▶ **Exercise objective**:
The sole answer should be the number of lines in the material below that hold "open".

▶ **Material for this exercise**:
lemma ytstar_tendsto:
  assumes "ystar g k h x = {y0}"
  shows "((\<lambda>t. ytstar t g k h x) \<longlongrightarrow> y0) (at_right 0)"
  unfolding tendsto_iff
proof (intro allI impI)
  fix e :: real assume "e > 0"
  have y0: "y0 \<in> feas k h x" and y0_min: "\<forall>z\<in>feas k h x. g x y0 \<le> g x z"
    using assms by (auto simp: ystar_def)
  have "g x y0 < g x y" if "y \<in> feas k h x" "y \<noteq> y0" for y
  proof (rule ccontr)
    assume "\<not> g x y0 < g x y"
    then have "y \<in> ystar g k h x" using y0_min that(1) by (force simp: ystar_def)
    with assms that(2) show False by simp
  qed
  then obtain \<eta> where "\<eta> > 0"
    and near: "\<And>y. y \<in> feas k h x \<Longrightarrow> g x y < g x y0 + \<eta> \<Longrightarrow> dist y y0 < e"
    using compact_unique_argmin_near[OF compact_feas continuous_on_subset[OF continuous_g] y0]
      \<open>e > 0\<close> by blast
  obtain z where "z \<in> sfeas k h x" "g x z < g x y0 + \<eta> / 2"
    using sfeas_approximates_feas[OF y0, of "\<eta> / 2"] \<open>\<eta> > 0\<close> by auto
  with \<open>\<eta> > 0\<close> have "\<forall>\<^sub>F t in at_right 0. g x (ytstar t g k h x) < g x y0 + \<eta>"
    using eventually_g_ytstar_less[of z "\<eta> / 2"] by (auto elim: eventually_mono)
  moreover have "\<forall>\<^sub>F t in at_right 0. ytstar t g k h x \<in> feas k h x"
    using eventually_at_right_less[of 0] by (rule eventually_mono)
      (use ytstar_argmin(1) sfeas_subset_feas[of k h x] in blast)
  ultimately show "\<forall>\<^sub>F t in at_right 0. dist (ytstar t g k h x) y0 < e"
    by eventually_elim (rule near)
qed

end


theorem theorem11:
  fixes f g :: "real^'n \<Rightarrow> real^'m \<Rightarrow> real"
    and h :: "nat \<Rightarrow> real^'n \<Rightarrow> real^'m \<Rightarrow> real"
    and k :: nat and X :: "(real^'n) set" and R :: real and x :: "real^'n"
  assumes C1_f: "C1_on (\<lambda>z. f (fst z) (snd z)) UNIV"
    and C1_g: "C2_on (\<lambda>z. g (fst z) (snd z)) UNIV"
    and C1_h: "\<forall>i\<in>{1..k}. C2_on (\<lambda>z. h i (fst z) (snd z)) UNIV"
    and C2_convex: "convex X" and C2_compact: "compact X"
    and C2_slater: "\<forall>x\<in>X. \<exists>y\<in>feas k h x. \<forall>i\<in>{1..k}. h i x y < 0"
    and C3_compact: "\<forall>x\<in>X. compact (feas k h x)"
    and C3_bound: "\<forall>x\<in>X. \<forall>y\<in>feas k h x. norm y \<le> R"
    and CV_g: "\<forall>x. convex_on UNIV (g x)"
    and CV_h: "\<forall>x. \<forall>i\<in>{1..k}. convex_on UNIV (h i x)"
    and CV_strong: "\<forall>x. \<exists>i\<in>{1..k}. strongly_convex_on UNIV (h i x)"
    and x_in: "x \<in> X"
    and single: "\<exists>y0. ystar g k h x = {y0}"
  shows "((\<lambda>t. phit t f g k h x) \<longlongrightarrow> phi f g k h x) (at_right 0)"
proof -
  have slice: "continuous_on UNIV (F x)" if "C1_on (\<lambda>z. F (fst z) (snd z)) UNIV"
    for F :: "real^'n \<Rightarrow> real^'m \<Rightarrow> real"
    using continuous_on_slice[OF C1_on_imp_continuous_on[OF that]] .
  interpret log_barrier g k h x
  proof
    show "compact (feas k h x)" using C3_compact x_in by blast
    show "sfeas k h x \<noteq> {}" using C2_slater x_in unfolding sfeas_def by blast
    show "continuous_on UNIV (g x)" using slice[OF C2_on_imp_C1_on[OF C1_g]] .
    show "continuous_on UNIV (h l x)" if "l \<in> {1..k}" for l
      using slice[OF C2_on_imp_C1_on[OF C1_h[rule_format, OF that]]] .
    show "convex_on UNIV (g x)" using CV_g by blast
    show "convex_on UNIV (h l x)" if "l \<in> {1..k}" for l using CV_h that by blast
    show "\<exists>i\<in>{1..k}. strongly_convex_on UNIV (h i x)" using CV_strong by blast
  qed
  obtain y0 where y0: "ystar g k h x = {y0}" using single by blast
  have "isCont (f x) y0" using slice[OF C1_f] by (simp add: continuous_on_eq_continuous_at)
  then have "((\<lambda>t. f x (ytstar t g k h x)) \<longlongrightarrow> f x y0) (at_right 0)"
    using ytstar_tendsto[OF y0] by (rule isCont_tendsto_compose)
  then show ?thesis by (simp add: phit_def phi_def y0)
qed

▶ **Solution**:
3